Par un alliage judicieux de la culture générale avec le bon goût et la politesse des manières, il entendait que l'homme réalise pleinement la définition antique qui faisait de lui un « animal raisonnable »[5]. Selon la formule de Boileau, il lui fallait « savoir et converser et vivre »[6].
Le concept d'honnête homme apparaît aussi dans les œuvres des auteurs du XVIIe, notamment de Madeleine de Scudéry et de Molière. Il est ainsi très représenté dans Le Tartuffe sous le personnage de Cléante et également celui d'Elmire, son double féminin. Molière condamne aussi l'excès chez les précieuses, les qualifiant de dragons de vertus (Les Femmes savantes). Dans Les Caractères de La Bruyère, le personnage d'Arias est décrit en étant l'opposé de l'honnête homme.
Descartes reprend de manière critique l'idéal de l'honnête homme[7]. Hostile à l'érudition, il affirme qu'« il n’est pas plus du devoir d’un honnête homme de savoir le grec ou le latin que le langage suisse ou bas breton, ni l’histoire de l’empire romano-germanique, que celle du plus petit état qui se trouve en Europe ; et je pense qu’il doit seulement consacrer ses loisirs aux choses bonnes et utiles, et n’emplir sa mémoire que des plus nécessaires »[8].

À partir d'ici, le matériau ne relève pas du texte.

lemma crowded_t1_basesD:
  assumes "\<B> \<in> crowded_t1_bases C"
  shows "{U. U \<subseteq> C \<and> finite (C - U)} \<subseteq> \<B>" "\<B> \<subseteq> Pow C"
    and "U \<in> \<B> \<Longrightarrow> V \<in> \<B> \<Longrightarrow> U \<inter> V \<in> \<B>" and "{x} \<notin> \<B>"
  using assms by (auto simp: crowded_t1_bases_def)

lemma crowded_t1_bases_maximal_exists:
  assumes "infinite C"
  shows "\<exists>\<B>\<in>crowded_t1_bases C. \<forall>\<B>'\<in>crowded_t1_bases C. \<B> \<subseteq> \<B>' \<longrightarrow> \<B>' = \<B>"
proof (rule subset_Zorn_nonempty)
  have "\<forall>x. {x} \<notin> {U. U \<subseteq> C \<and> finite (C - U)}"
    using assms by (metis (no_types, lifting) finite_Diff2 finite.simps mem_Collect_eq)
  then have "{U. U \<subseteq> C \<and> finite (C - U)} \<in> crowded_t1_bases C"
    by (auto simp: crowded_t1_bases_def Diff_Int)
  then show "crowded_t1_bases C \<noteq> {}"
    by blast
next
  fix \<C> assume "\<C> \<noteq> {}" and chain: "subset.chain (crowded_t1_bases C) \<C>"
  have sub: "\<C> \<subseteq> crowded_t1_bases C"
    using chain by (simp add: subset_chain_def)
  have Int: "U \<inter> V \<in> \<Union>\<C>" if UV: "U \<in> \<Union>\<C>" "V \<in> \<Union>\<C>" for U V
  proof -
    obtain \<B>1 \<B>2 where \<B>: "\<B>1 \<in> \<C>" "\<B>2 \<in> \<C>" "U \<in> \<B>1" "V \<in> \<B>2"
      using UV by blast
    then have "\<B>1 \<subseteq> \<B>2 \<or> \<B>2 \<subseteq> \<B>1"
      using chain by (simp add: subset_chain_def)
    then obtain \<B> where "\<B> \<in> \<C>" "U \<in> \<B>" "V \<in> \<B>"
      using \<B> by blast
    then show ?thesis
      using crowded_t1_basesD(3)[of \<B> C U V] sub by (meson UnionI subsetD)
  qed
  obtain \<B> where "\<B> \<in> \<C>"
    using \<open>\<C> \<noteq> {}\<close> by blast
  then have cofinite: "{U. U \<subseteq> C \<and> finite (C - U)} \<subseteq> \<Union>\<C>"
    using crowded_t1_basesD(1)[of \<B> C] sub by (meson Union_upper subset_trans subsetD)
  have pow: "\<Union>\<C> \<subseteq> Pow C"
    using crowded_t1_basesD(2) sub by (meson Union_least subsetD)
  have singleton: "{x} \<notin> \<Union>\<C>" for x
    using crowded_t1_basesD(4) sub by (meson UnionE subsetD)
  show "\<Union>\<C> \<in> crowded_t1_bases C"
    using cofinite pow Int singleton by (rule crowded_t1_basesI)
qed

lemma cofinite_in_crowded_t1_bases:
  "\<B> \<in> crowded_t1_bases C \<Longrightarrow> U \<subseteq> C \<Longrightarrow> finite (C - U) \<Longrightarrow> U \<in> \<B>"
  using crowded_t1_basesD(1) by blast

lemma crowded_t1_bases_generated:
  assumes \<B>: "\<B> \<in> crowded_t1_bases C"
  shows "{V. V \<subseteq> C \<and> (\<forall>x\<in>V. \<exists>U\<in>\<B>. x \<in> U \<and> U \<subseteq> V)} \<in> crowded_t1_bases C"
    (is "?\<B>' \<in> _")
proof (rule crowded_t1_basesI)
  have "\<B> \<subseteq> ?\<B>'"
    using crowded_t1_basesD(2)[OF \<B>] by blast
  with crowded_t1_basesD(1)[OF \<B>] show "{U. U \<subseteq> C \<and> finite (C - U)} \<subseteq> ?\<B>'"
    by (rule subset_trans)
  show "?\<B>' \<subseteq> Pow C"
    by blast
next
  fix V W assume V: "V \<in> ?\<B>'" and W: "W \<in> ?\<B>'"
  have "\<exists>U\<in>\<B>. x \<in> U \<and> U \<subseteq> V \<inter> W" if "x \<in> V \<inter> W" for x
  proof -
    have "\<forall>y\<in>V. \<exists>U\<in>\<B>. y \<in> U \<and> U \<subseteq> V" "\<forall>y\<in>W. \<exists>U\<in>\<B>. y \<in> U \<and> U \<subseteq> W"
      using V W by simp_all
    with that obtain U1 U2 where
      U: "U1 \<in> \<B>" "x \<in> U1" "U1 \<subseteq> V" "U2 \<in> \<B>" "x \<in> U2" "U2 \<subseteq> W"
      by blast
    show ?thesis
    proof (rule bexI)
      show "U1 \<inter> U2 \<in> \<B>"
        using U(1,4) by (rule crowded_t1_basesD(3)[OF \<B>])
    qed (use U in blast)
  qed
  then show "V \<inter> W \<in> ?\<B>'"
    using V by blast
next
  fix x show "{x} \<notin> ?\<B>'"
    using crowded_t1_basesD(4)[OF \<B>] by (blast dest: subset_singletonD)
qed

Jean-Jacques Rousseau propose une critique beaucoup plus sévère de l'idéal de l'honnête homme. Dans la préface de son Narcisse, il prétend dénoncer le fait que il « faut nécessairement renoncer à la vertu pour devenir un honnête homme ». Comme le remarque Jacques Roger dans sa préface aux deux discours couronnés de Rousseau : la vertu n'a qu'un sens, « et c'est l'entier dévouement de l'homme à ses semblables, du citoyen à sa patrie ». Ainsi, dans la continuité de sa critique de la politesse, qui socialement condamne à paraître autre que l'on est et à ne pas voir autrui tel qu'il est, Rousseau critique l'honnête homme — lequel selon lui, en donnant une trop grande importance à la politesse, donne une dimension carnavalesque aux échanges humains.